I laughed. The laugh seemed to surprise him. ‘Why are you laughing?’

‘I don’t know. I have gained a sense of humour. That is one thing that happened when I lost the gifts.’

‘I am going to kill them, do you know that?’

‘No. Actually, I don’t. I told the hosts there is no point. That’s about the last thing I said to them. They seemed to understand me.’

‘I have been told to, and that is what I will do.’

‘But don’t you think it’s pointless, that there’s no real reason to do it?’

He sighed and shook his head. ‘No, I do not think that’, he said, in a voice which was mine but deeper, somehow, and flatter. ‘I do not see a separation. I have lived with a
human for only a few days but I have seen the violence and hypocrisy that runs through this species.’

‘Yes, but there is good in them. A lot of good.’

‘No. I don’t see it. They can sit and watch dead human bodies on TV screens and feel nothing at all.’

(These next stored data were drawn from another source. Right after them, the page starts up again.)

lemma density2_gram:
  assumes A: "density 2 A"
  obtains X :: "nat \<Rightarrow> nat \<Rightarrow> complex"
  where "\<And>i j. i < 2 \<Longrightarrow> j < 2 \<Longrightarrow> A $$ (i, j) = (\<Sum>m<2. cnj (X m i) * X m j)"
proof -
  define a d b where "a = Re (A $$ (0, 0))" and "d = Re (A $$ (1, 1))" and "b = A $$ (0, 1)"
  have e: "A $$ (0, 0) = of_real a" "A $$ (1, 1) = of_real d" "A $$ (1, 0) = cnj b" "A $$ (0, 1) = b"
    using density_diag[OF A] density2_hermitian[OF A] by (auto simp: a_def d_def b_def complex_eq_iff)
  have bnd: "(cmod b)\<^sup>2 \<le> a * d"
    using density2_offdiag_bound[OF A] by (simp add: a_def d_def b_def)
  have "0 \<le> a" "0 \<le> d"
    using density_diag[OF A, of 0] density_diag[OF A, of 1] by (auto simp: a_def d_def)
  have "\<exists>X :: nat \<Rightarrow> nat \<Rightarrow> complex. \<forall>i<2. \<forall>j<2. A $$ (i, j) = (\<Sum>m<2. cnj (X m i) * X m j)"
  proof (cases "a = 0")
    case True
    then have "b = 0" using bnd by simp
    define X :: "nat \<Rightarrow> nat \<Rightarrow> complex"
      where "X m j = (if m = 0 \<or> j = 0 then 0 else complex_of_real (sqrt d))" for m j
    have "A $$ (0, 0) = (\<Sum>m<2. cnj (X m 0) * X m 0)"
      "A $$ (0, 1) = (\<Sum>m<2. cnj (X m 0) * X m 1)"
      "A $$ (1, 0) = (\<Sum>m<2. cnj (X m 1) * X m 0)"
      using True \<open>b = 0\<close> by (simp_all add: X_def e sum_lessThan_2 del: One_nat_def)
    moreover have "A $$ (1, 1) = (\<Sum>m<2. cnj (X m 1) * X m 1)"
    proof -
      have "(\<Sum>m<2. cnj (X m 1) * X m 1) = of_real (sqrt d) * of_real (sqrt d)"
        by (simp add: X_def sum_lessThan_2)
      also have "\<dots> = A $$ (1, 1)"
        unfolding e of_real_mult[symmetric] real_sqrt_mult_self abs_of_nonneg[OF \<open>0 \<le> d\<close>] ..
      finally show ?thesis ..
    qed
    ultimately show ?thesis by (intro exI[of _ X]) (auto simp: less_2_iff)
  next
    case False
    \<comment> \<open>Cholesky factor: the rows are (r, b / r) and (0, t).\<close>
    define r t where "r = sqrt a" and "t = sqrt (d - (cmod b)\<^sup>2 / a)"
    have r: "r * r = a" "r > 0" using False \<open>0 \<le> a\<close> by (auto simp: r_def)
    have "(cmod b)\<^sup>2 / a \<le> d" using bnd False \<open>0 \<le> a\<close> by (simp add: divide_le_eq mult.commute)
    then have t: "t * t = d - (cmod b)\<^sup>2 / a" by (simp add: t_def)
    define X :: "nat \<Rightarrow> nat \<Rightarrow> complex"
      where "X m j = (if m = 0 then (if j = 0 then complex_of_real r else b / of_real r)
                      else (if j = 0 then 0 else complex_of_real t))" for m j
    have "A $$ (0, 0) = (\<Sum>m<2. cnj (X m 0) * X m 0)"
      using r by (simp add: X_def e sum_lessThan_2 flip: of_real_mult)
    moreover have "A $$ (0, 1) = (\<Sum>m<2. cnj (X m 0) * X m 1)"
      "A $$ (1, 0) = (\<Sum>m<2. cnj (X m 1) * X m 0)"
      using r by (simp_all add: X_def e sum_lessThan_2 del: One_nat_def)
    moreover have "A $$ (1, 1) = (\<Sum>m<2. cnj (X m 1) * X m 1)"
    proof -
      have "(\<Sum>m<2. cnj (X m 1) * X m 1) = cnj b * b / (of_real r * of_real r) + of_real t * of_real t"
        by (simp add: X_def sum_lessThan_2)
      also have "\<dots> = A $$ (1, 1)"
        unfolding e of_real_mult[symmetric] r(1) t
        by (simp add: mult.commute flip: complex_norm_square)
      finally show ?thesis ..
    qed
    ultimately show ?thesis by (intro exI[of _ X]) (auto simp: less_2_iff)
  qed
  then show ?thesis using that by blast
qed

lemma quadratic_form_4:
  fixes P :: "complex mat"
  assumes "P \<in> carrier_mat 4 4" "v \<in> carrier_vec 4"
  shows "conjugate v \<bullet> (P *\<^sub>v v) = (\<Sum>r<4. cnj (v $ r) * (\<Sum>c<4. P $$ (r, c) * v $ c))"
  using assms by (simp add: scalar_prod_def atLeast0LessThan)

lemma kron2_gram_form:
  fixes X Y V :: "nat \<Rightarrow> nat \<Rightarrow> complex"
  defines "w i k \<equiv> \<Sum>j<2. \<Sum>l<2. X i j * Y k l * V j l"
  shows "(\<Sum>r<4. cnj (V (r div 2) (r mod 2)) *
            (\<Sum>c<4. (\<Sum>m<2. cnj (X m (r div 2)) * X m (c div 2))
              * (\<Sum>m<2. cnj (Y m (r mod 2)) * Y m (c mod 2)) * V (c div 2) (c mod 2)))
       = (\<Sum>i<2. \<Sum>k<2. cnj (w i k) * w i k)"
  unfolding w_def by (simp add: sum_lessThan_2 sum_lessThan_4 algebra_simps)

lemma density_kron2:
  assumes A: "density 2 A" and B: "density 2 B"
  shows "density 4 (kron2 A B)"
proof -
  have K: "kron2 A B \<in> carrier_mat 4 4" by (simp add: kron2_def)
  obtain X :: "nat \<Rightarrow> nat \<Rightarrow> complex"
    where X: "\<And>i j. i < 2 \<Longrightarrow> j < 2 \<Longrightarrow> A $$ (i, j) = (\<Sum>m<2. cnj (X m i) * X m j)"
    using density2_gram[OF A] by blast
  obtain Y :: "nat \<Rightarrow> nat \<Rightarrow> complex"
    where Y: "\<And>i j. i < 2 \<Longrightarrow> j < 2 \<Longrightarrow> B $$ (i, j) = (\<Sum>m<2. cnj (Y m i) * Y m j)"
    using density2_gram[OF B] by blast
  have "Im (conjugate v \<bullet> (kron2 A B *\<^sub>v v)) = 0 \<and> 0 \<le> Re (conjugate v \<bullet> (kron2 A B *\<^sub>v v))"
    if v: "v \<in> carrier_vec 4" for v
  proof -
    define V where "V j l = v $ (2 * j + l)" for j l
    define w where "w i k = (\<Sum>j<2. \<Sum>l<2. X i j * Y k l * V j l)" for i k
    have "conjugate v \<bullet> (kron2 A B *\<^sub>v v) =
      (\<Sum>r<4. cnj (V (r div 2) (r mod 2)) *
        (\<Sum>c<4. (\<Sum>m<2. cnj (X m (r div 2)) * X m (c div 2))
          * (\<Sum>m<2. cnj (Y m (r mod 2)) * Y m (c mod 2)) * V (c div 2) (c mod 2)))"
      unfolding quadratic_form_4[OF K v]
      by (intro sum.cong refl arg_cong2[where f = "(*)"]) (simp_all add: kron2_def V_def X Y)
    also have "\<dots> = (\<Sum>i<2. \<Sum>k<2. cnj (w i k) * w i k)"
      unfolding kron2_gram_form w_def ..
    also have "\<dots> = of_real (\<Sum>i<2. \<Sum>k<2. (cmod (w i k))\<^sup>2)"
      by (simp add: mult.commute flip: complex_norm_square)
    finally show ?thesis by (simp add: sum_nonneg)
  qed
  moreover have "mtrace (kron2 A B) = 1"
    using A B mtrace_kron2 unfolding density_def by simp
  ultimately show ?thesis
    unfolding density_def using K by blast
qed

lemma sigma_z_carrier: "sigma_z \<in> carrier_mat 2 2"
  by (simp add: sigma_z_def mat_of_rows_list_def numeral_2_eq_2)

lemma index_sigma_z:
  "i < 2 \<Longrightarrow> j < 2 \<Longrightarrow> sigma_z $$ (i, j) = (if i = j then (if i = 0 then 1 else -1) else 0)"
  by (auto simp: sigma_z_def mat_of_rows_list_def less_2_iff)

lemma transpose_sigma_z: "transpose_mat sigma_z = sigma_z"
  using sigma_z_carrier by (intro eq_matI) (auto simp: index_sigma_z)

lemma C_z_eq: "C_z = mat 4 4 (\<lambda>(r, c). if r = c \<and> (r = 1 \<or> r = 2) then 4 else 0)"
proof -
  have M: "kron2 sigma_z (1\<^sub>m 2) - kron2 (1\<^sub>m 2) (transpose_mat sigma_z)
    = mat 4 4 (\<lambda>(r, c). if r = c then (if r = 1 then 2 else if r = 2 then -2 else 0) else 0)"
    by (rule eq_matI) (auto simp: transpose_sigma_z kron2_def index_sigma_z less_4_iff)
  show ?thesis
    unfolding C_z_def Let_def M
    by (rule eq_matI) (auto simp: scalar_prod_def atLeast0LessThan sum_lessThan_4 less_4_iff)
qed

lemma mtrace_mult_C_z:
  "P \<in> carrier_mat 4 4 \<Longrightarrow> mtrace (P * C_z) = 4 * (P $$ (1, 1) + P $$ (2, 2))"
  by (simp add: mtrace_def C_z_eq scalar_prod_def atLeast0LessThan sum_lessThan_4)

lemma one_smult_mat: "(1 :: 'a :: monoid_mult) \<cdot>\<^sub>m A = A"
  by (rule eq_matI) simp_all

lemma ptrace_dual_kron2:
  "A \<in> carrier_mat 2 2 \<Longrightarrow> B \<in> carrier_mat 2 2 \<Longrightarrow> ptrace_dual (kron2 A B) = mtrace B \<cdot>\<^sub>m A"
  by (rule eq_matI) (auto simp: ptrace_dual_def kron2_def mtrace_def sum_lessThan_2 less_2_iff algebra_simps)

lemma ptrace_H_kron2:
  "A \<in> carrier_mat 2 2 \<Longrightarrow> B \<in> carrier_mat 2 2 \<Longrightarrow> ptrace_H (kron2 A B) = mtrace A \<cdot>\<^sub>m B"
  by (rule eq_matI) (auto simp: ptrace_H_def kron2_def mtrace_def sum_lessThan_2 less_2_iff algebra_simps)

lemma kron2_mem_couplings:
  assumes "density 2 \<rho>" "density 2 \<omega>"
  shows "kron2 \<omega> (transpose_mat \<rho>) \<in> couplings \<rho> \<omega>"
proof -
  have "\<rho> \<in> carrier_mat 2 2" "\<omega> \<in> carrier_mat 2 2" "mtrace \<rho> = 1" "mtrace \<omega> = 1"
    using assms by (simp_all add: density_def)
  then show ?thesis
    unfolding couplings_def
    using density_kron2[OF assms(2) density_transpose[OF assms(1)]]
    by (simp add: ptrace_dual_kron2 ptrace_H_kron2 mtrace_transpose one_smult_mat)
qed

lemma couplings_diag:
  assumes "P \<in> couplings \<rho> \<omega>"
  shows "\<omega> $$ (0, 0) = P $$ (0, 0) + P $$ (1, 1)" "\<omega> $$ (1, 1) = P $$ (2, 2) + P $$ (3, 3)"
    and "\<rho> $$ (0, 0) = P $$ (0, 0) + P $$ (2, 2)" "\<rho> $$ (1, 1) = P $$ (1, 1) + P $$ (3, 3)"
proof -
  have \<omega>: "ptrace_dual P = \<omega>" and "ptrace_H P = transpose_mat \<rho>"
    using assms by (auto simp: couplings_def)
  then have "\<rho> = transpose_mat (ptrace_H P)" by simp
  then show "\<rho> $$ (0, 0) = P $$ (0, 0) + P $$ (2, 2)" "\<rho> $$ (1, 1) = P $$ (1, 1) + P $$ (3, 3)"
    by (simp_all add: ptrace_H_def sum_lessThan_2 eval_nat_numeral)
  show "\<omega> $$ (0, 0) = P $$ (0, 0) + P $$ (1, 1)" "\<omega> $$ (1, 1) = P $$ (2, 2) + P $$ (3, 3)"
    unfolding \<omega>[symmetric] by (simp_all add: ptrace_dual_def sum_lessThan_2)
qed

lemma transport_cost_eq:
  "P \<in> couplings \<rho> \<omega> \<Longrightarrow> Re (mtrace (P * C_z)) = 4 * (Re (P $$ (1, 1)) + Re (P $$ (2, 2)))"
  by (simp add: couplings_def density_def mtrace_mult_C_z)

lemma transport_cost_nonneg: "P \<in> couplings \<rho> \<omega> \<Longrightarrow> 0 \<le> Re (mtrace (P * C_z))"
  using density_diag[of 4 P 1] density_diag[of 4 P 2]
  by (simp add: transport_cost_eq couplings_def)

lemma bloch3_eq: "A \<in> carrier_mat 2 2 \<Longrightarrow> bloch3 A = Re (A $$ (0, 0)) - Re (A $$ (1, 1))"
  using sigma_z_carrier
  by (simp add: bloch3_def mtrace_def index_sigma_z scalar_prod_def atLeast0LessThan sum_lessThan_2)

lemma density2_bloch3: "density 2 A \<Longrightarrow> bloch3 A = 2 * Re (A $$ (0, 0)) - 1"
  using density2_trace[of A] by (simp add: bloch3_eq density_def)

lemma abs_bloch3_le_1: "density 2 A \<Longrightarrow> \<bar>bloch3 A\<bar> \<le> 1"
  using density2_bloch3[of A] density_diag[of 2 A 0] density_diag[of 2 A 1] density2_trace[of A]
  by auto

lemma Dz_sq_le:
  assumes \<rho>: "density 2 \<rho>" and \<omega>: "density 2 \<omega>"
  shows "Dz_sq \<rho> \<omega> \<le> 2 - 2 * bloch3 \<rho> * bloch3 \<omega>"
proof -
  define P where "P = kron2 \<omega> (transpose_mat \<rho>)"
  have P: "P \<in> couplings \<rho> \<omega>"
    unfolding P_def using \<rho> \<omega> by (rule kron2_mem_couplings)
  have "\<rho> \<in> carrier_mat 2 2" using \<rho> by (simp add: density_def)
  then have "P $$ (1, 1) = \<omega> $$ (0, 0) * \<rho> $$ (1, 1)" "P $$ (2, 2) = \<omega> $$ (1, 1) * \<rho> $$ (0, 0)"
    by (simp_all add: P_def kron2_def)
  then have "Re (mtrace (P * C_z)) =
      4 * (Re (\<omega> $$ (0, 0)) * Re (\<rho> $$ (1, 1)) + Re (\<omega> $$ (1, 1)) * Re (\<rho> $$ (0, 0)))"
    using density_diag[OF \<rho>] density_diag[OF \<omega>] by (simp add: transport_cost_eq[OF P])
  also have "\<dots> = 2 - 2 * bloch3 \<rho> * bloch3 \<omega>"
  proof -
    have t: "Re (\<rho> $$ (1, 1)) = 1 - Re (\<rho> $$ (0, 0))" "Re (\<omega> $$ (1, 1)) = 1 - Re (\<omega> $$ (0, 0))"
      using density2_trace[OF \<rho>] density2_trace[OF \<omega>] by linarith+
    show ?thesis
      unfolding density2_bloch3[OF \<rho>] density2_bloch3[OF \<omega>] t by (simp add: algebra_simps)
  qed
  finally have "Re (mtrace (P * C_z)) = 2 - 2 * bloch3 \<rho> * bloch3 \<omega>" .
  moreover have "Dz_sq \<rho> \<omega> \<le> Re (mtrace (P * C_z))"
    unfolding Dz_sq_def using P transport_cost_nonneg by (intro cInf_lower bdd_belowI) auto
  ultimately show ?thesis by simp
qed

‘That’s how I saw it at first, but—’

‘They can drive a car thirty miles every day and feel good about themselves for recycling a couple of empty jam jars. They can talk about peace being a good thing yet glorify war. They can
despise the man who kills his wife in rage but worship the indifferent soldier who drops a bomb killing a hundred children.’

‘Yes, there is a bad logic here, I agree with you, yet I truly believe—’

He wasn’t listening. He stood up now, stared at me with determined eyes as he paced the room and delivered his speech. ‘They believe God is always on their side, even if their side
is at odds with the rest of their species. They have no way of coming to terms with what are, biologically, the two most important events that happen to them – procreation and death. They
pretend to know that money can’t buy them happiness, yet they would choose money every time. They celebrate mediocrity at every available opportunity and love to see others’ misfortune.
They have lived on this planet for over a hundred thousand generations and yet they still have no idea about who they really are or how they should really live. In fact, they know less now than
they once did.’

‘You’re right but don’t you think there is something beautiful in these contradictions, something mysterious?’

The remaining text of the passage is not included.